AG- So much of what you have written makes sense. I too was abused, physically by my older brother and sexually by my father, starting when I was a baby. My mom knew about the abuse, but did nothing to protect me. I’m in my mid-thirties now, and up until I started therapy I really felt like I hadn’t been affected by the abuse.

quote:
The deadness and hollow feeling was because I was so depleted by denying my own needs and feelings (all without being conscious of doing so,btw). One of the best parts about healing was that as I allowed myself to feel, and cleared out all the unprocessed memories and feelings of the trauma, energy was freed up. I have experienced more creativity in the last three years, then in the other 47 of my life.


As far as I can remember, I have never wanted anything. I can remember my mom asking me what I wanted for my 8th birthday, and not being able to think of a single thing. I’ve never had my own interests. Looking back, every hobby or activity I’ve done has been someone else’s that I latched onto. I just have no idea of who I am. Your experience gives me hope that I will have my own desires at some point.

quote:
I’m sort of the opposite, that everything is just SO real and existed before me and will continue to exist after me and in the moments when I stop and think about that, I feel strangely freed, everything becomes ‘good’ even if just briefly.


That sounds like an amazing feeling, LL! Thanks for responding even if you don’t relate.
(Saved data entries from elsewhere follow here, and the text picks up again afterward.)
(* Assume (A1) with $\Omega\supseteq B(x^*,\delta)$, (A2), (A3), and (A4) with exponent $r\in(0,1]$. Let $\{x_k\}$ be generated by LMMSS with $\alpha_k=1$ and $\lambda_k=\|J_k^TF_k\|^r$ for all $k$. Then there exists $\varepsilon>0$ such that, if $x_0\in B(x^*,\varepsilon)$, the sequence $\{\operatorname{dist}(x_k,X^* )\}$ converges to zero superlinearly and $\{x_k\}$ converges to a point of $X^*\cap B(x^*,\delta/2)$.
   Context: Let $F:\mathbb{R}^n\to\mathbb{R}^m$ be twice continuously differentiable with $m\ge n$, $J(x)$ its Jacobian, $\phi(x)=\tfrac12\|F(x)\|^2$, $\nabla\phi(x)=J(x)^TF(x)$. Norms are Euclidean/spectral. $X^*=\{x: J(x)^TF(x)=0\}\neq\emptyset$; $\operatorname{dist}(x,X^* )=\inf_{z\in X^*}\|x-z\|$. Fix $x^*\in X^*$; $B(x^*,\delta)$ is the closed ball. $L\in\mathbb{R}^{p\times n}$ has rank $p\le n$. LMMSS iteration: given $x_k$ and $\lambda_k>0$, with $F_k=F(x_k)$, $J_k=J(x_k)$, let $d_k$ solve $(J_k^TJ_k+\lambda_kL^TL)d_k=-J_k^TF_k$ and $x_{k+1}=x_k+\alpha_kd_k$. (A1) there are $\Omega$ and $\gamma>0$ with $\|J(x)v\|^2+\|Lv\|^2\ge\gamma\|v\|^2$ for $x\in\Omega$, all $v$. (A2) $\delta\in(0,1)$, $L_0>0$ with $\|J(x)-J(y)\|\le L_0\|x-y\|$ on $B(x^*,\delta)$. (A3) $\omega>0$ with $\omega\operatorname{dist}(x,X^* )\le\|J(x)^TF(x)\|$ on $B(x^*,\delta)$. (A4) $r\in(0,1]$, $C\ge0$ with $\|(J(x)-J(z))^TF(z)\|\le C\|x-z\|^{1+r}$ for $x\in B(x^*,\delta)$, $z\in X^*\cap B(x^*,\delta)$. *)

theory Defs
  imports "HOL-Analysis.Analysis"
begin

definition spec_norm :: "real^'n^'m \<Rightarrow> real" where
  "spec_norm A = onorm (\<lambda>v. A *v v)"

definition stat_set :: "(real^'n \<Rightarrow> real^'m) \<Rightarrow> (real^'n \<Rightarrow> real^'n^'m) \<Rightarrow> (real^'n) set" where
  "stat_set F J = {x. transpose (J x) *v F x = 0}"

end

theory Submission
  imports Defs
begin

text \<open>Let \<open>z\<close> be a stationary point nearest to the iterate \<open>x\<close> and \<open>D = dist(x, X*)\<close>.
  By (A2) and (A4) the gradient \<open>J(x)^T F(x)\<close> equals \<open>J(x)^T J(x) (x - z)\<close> up to \<open>O(D^(1+r))\<close>,
  and by (A3) the regularization parameter \<open>\<lambda> = \<parallel>J(x)^T F(x)\<parallel>^r\<close> is of exact order \<open>D^r\<close>.
  Testing the step equation with \<open>u = x + d - z\<close> and using (A1) gives \<open>\<parallel>u\<parallel> = O(D)\<close>;
  expanding the gradient at \<open>x + d\<close> around \<open>z\<close> then shows that it is \<open>O(D^(1+r))\<close>,
  so (A3) yields \<open>dist(x + d, X*) = O(D^(1+r))\<close>. Started close enough, the distances halve
  at every step, the steps are summable, and the iterates converge to a stationary point.\<close>

text \<open>The library rewrites \<open>transpose A *v v\<close> to \<open>v v* A\<close>; the adjoint form is kept here.\<close>
declare transpose_matrix_vector [simp del]
lemma monotone_map_subdiff: "monotone_map (subdiff q)"
  unfolding monotone_map_def
proof (intro allI impI, elim conjE)
  fix d1 s1 d2 s2
  assume s1: "s1 \<in> subdiff q d1" and s2: "s2 \<in> subdiff q d2"
  obtain a b where a: "q d1 = ereal a" and b: "q d2 = ereal b"
    using s1 s2 by (meson subdiff_finite_value)
  have "ereal b \<ge> ereal a + ereal (inner s1 (d2 - d1))"
    using s1 a b unfolding subdiff_def by (metis (mono_tags, lifting) mem_Collect_eq)
  moreover have "ereal a \<ge> ereal b + ereal (inner s2 (d1 - d2))"
    using s2 a b unfolding subdiff_def by (metis (mono_tags, lifting) mem_Collect_eq)
  ultimately show "0 \<le> inner (s2 - s1) (d2 - d1)"
    by (simp add: inner_diff_left inner_diff_right)
qed

lemma norm_diff_le_resolvent:
  assumes "s0 \<in> subdiff q d0" "s \<in> subdiff q d"
  shows "norm (d - d0) \<le> norm ((d + s) - (d0 + s0))"
proof -
  have "0 \<le> inner (s - s0) (d - d0)"
    using monotone_map_subdiff assms unfolding monotone_map_def by blast
  then have "(norm (d - d0))\<^sup>2 \<le> inner ((d + s) - (d0 + s0)) (d - d0)"
    by (simp add: power2_norm_eq_inner inner_diff_left inner_add_left algebra_simps)
  also have "\<dots> \<le> norm ((d + s) - (d0 + s0)) * norm (d - d0)"
    by (rule norm_cauchy_schwarz)
  finally show ?thesis
    by (cases "d = d0") (simp_all add: power2_eq_square)
qed

lemma lsc_fun_eventually_greater:
  fixes q :: "'a::metric_space \<Rightarrow> ereal"
  assumes "lsc_fun q" "y \<longlonglongrightarrow> x" "ereal r < q x"
  shows "eventually (\<lambda>k. ereal r < q (y k)) sequentially"
proof -
  have "ereal r < Liminf (at x) q"
    using assms(1,3) unfolding lsc_fun_def by (blast intro: less_le_trans)
  then have "eventually (\<lambda>z. ereal r < q z) (at x)"
    by (rule less_LiminfD)
  then have "eventually (\<lambda>z. ereal r < q z) (nhds x)"
    using assms(3) unfolding eventually_at_filter by (auto elim: eventually_mono)
  then show ?thesis
    using assms(2) unfolding filterlim_iff by blast
qed

lemma closed_sublevel_lsc_plus_continuous:
  fixes q :: "'a::metric_space \<Rightarrow> ereal"
  assumes lsc: "lsc_fun q" and h: "continuous_on UNIV h" and K: "closed K"
  shows "closed {y \<in> K. q y + ereal (h y) \<le> ereal c}"
  unfolding closed_sequential_limits
proof (intro allI impI, elim conjE)
  fix y l
  assume y: "\<forall>k. y k \<in> {y \<in> K. q y + ereal (h y) \<le> ereal c}" and l: "y \<longlonglongrightarrow> l"
  have "l \<in> K"
    using y l K closed_sequentially by blast
  moreover have "q l + ereal (h l) \<le> ereal c"
  proof (rule ccontr)
    assume "\<not> q l + ereal (h l) \<le> ereal c"
    then have "ereal (c - h l) < q l"
      by (cases "q l") auto
    then obtain r where "ereal (c - h l) < ereal r" and r2: "ereal r < q l"
      using ereal_dense2 by blast
    then have r1: "c - h l < r"
      by simp
    have "eventually (\<lambda>k. ereal r < q (y k)) sequentially"
      by (rule lsc_fun_eventually_greater[OF lsc l r2])
    moreover have "(\<lambda>k. h (y k)) \<longlonglongrightarrow> h l"
      using continuous_on_tendsto_compose[OF h l] by simp
    then have "eventually (\<lambda>k. c - r < h (y k)) sequentially"
      using r1 by (auto intro: order_tendstoD)
    ultimately have "eventually (\<lambda>k. ereal c < q (y k) + ereal (h (y k))) sequentially"
    proof eventually_elim
      case (elim k)
      then show ?case
        by (cases "q (y k)") auto
    qed
    then obtain N where N: "\<And>k. N \<le> k \<Longrightarrow> ereal c < q (y k) + ereal (h (y k))"
      unfolding eventually_sequentially by blast
    have "q (y N) + ereal (h (y N)) \<le> ereal c"
      using y by blast
    with N[OF order_refl] show False
      by (simp add: leD)
  qed
  ultimately show "l \<in> {y \<in> K. q y + ereal (h y) \<le> ereal c}"
    by simp
qed

lemma ereal_le_of_forall_greater_le:
  fixes x V :: ereal
  assumes "\<And>c. V < ereal c \<Longrightarrow> x \<le> ereal c"
  shows "x \<le> V"
proof (rule ccontr)
  assume "\<not> x \<le> V"
  then have "V < x"
    by simp
  then obtain c where "V < ereal c" "ereal c < x"
    using ereal_dense2 by blast
  with assms show False
    by (meson leD)
qed

lemma compact_closed_sublevels_imp_min:
  fixes g :: "'a::topological_space \<Rightarrow> ereal"
  assumes K: "compact K" "K \<noteq> {}" and closed: "\<And>c. closed {y \<in> K. g y \<le> ereal c}"
  obtains y where "y \<in> K" "\<And>y'. y' \<in> K \<Longrightarrow> g y \<le> g y'"
proof -
  define V where "V = (INF y\<in>K. g y)"
  have "K \<inter> \<Inter> ((\<lambda>c. {y \<in> K. g y \<le> ereal c}) ` {c. V < ereal c}) \<noteq> {}"
  proof (rule compact_imp_fip_image[OF K(1) closed])
    fix I assume I: "finite I" "I \<subseteq> {c. V < ereal c}"
    show "K \<inter> \<Inter> ((\<lambda>c. {y \<in> K. g y \<le> ereal c}) ` I) \<noteq> {}"
    proof (cases "I = {}")
      case False
      then have "V < ereal (Min I)"
        using I Min_in by blast
      then obtain y where y: "y \<in> K" "g y < ereal (Min I)"
        unfolding V_def by (meson INF_less_iff)
      have "g y \<le> ereal c" if "c \<in> I" for c
        using y(2) Min_le[OF I(1) that] by (meson ereal_less_eq(3) less_imp_le order_trans)
      with y(1) show ?thesis
        by blast
    qed (use K in simp)
  qed
  then obtain y where "y \<in> K \<inter> \<Inter> ((\<lambda>c. {y \<in> K. g y \<le> ereal c}) ` {c. V < ereal c})"
    by (meson ex_in_conv)
  then have y: "y \<in> K" "\<And>c. V < ereal c \<Longrightarrow> g y \<le> ereal c"
    by blast+
  show ?thesis
  proof (rule that[OF y(1)])
    fix y' assume "y' \<in> K"
    have "g y \<le> V"
      using y(2) by (rule ereal_le_of_forall_greater_le)
    also have "V \<le> g y'"
      unfolding V_def using \<open>y' \<in> K\<close> by (rule INF_lower)
    finally show "g y \<le> g y'" .
  qed
qed

lemma ereal_convexD_real:
  assumes "ereal_convex q" "0 < t" "t < 1" "q x = ereal a" "q y = ereal b"
  shows "q ((1 - t) *\<^sub>R x + t *\<^sub>R y) \<le> ereal ((1 - t) * a + t * b)"
  using assms unfolding ereal_convex_def by (metis times_ereal.simps(1) plus_ereal.simps(1))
I’m so used to the voice in my head, it is more like my constant companion now and not as scary. But when it first started I couldn’t tune it out the way I can now and it made me feel really crazy. After the voice started, I gave myself a year to do everything I could to feel better and then I was going to kill myself. About a week after making that decision, my house got hit by lightning and burned down. I lost a lot of sentimental things which hurt a lot, but in the next year, I was so occupied with rebuilding that I hardly even noticed the voice. So I consider the fire to be one of the best things that happened to me. I will definitely check out that Sartre novel. I started reading some Heidegger, and am feeling a little lost.

tygr- I really appreciate you sharing your philosophy with me. I totally get how hard it can be to find the words to explain something like this. I think one of the things that is most helpful for me is hearing how other people experience the world and how they think of existence, because it is so hard for me to see other explanations other than what I have come up with. The whole reason I started therapy was because of a dream I had where I was in therapy, and I was explaining my view of reality to the therapist, and he took it all in and was about to tell me what his own beliefs were when I woke up, and I was so disappointed that I didn’t get to hear his answer.
blackbird- I saw your long post before you deleted it and I am so sorry I wasn't able to respond to it then. I've been staying away anything that could trigger me after a scary experience I had last week (which I am going to post about in the closed forum), and thinking about this stuff can definitely be triggering for me. I want to say that I really appreciated your post, and it made me think a lot about some of my beliefs.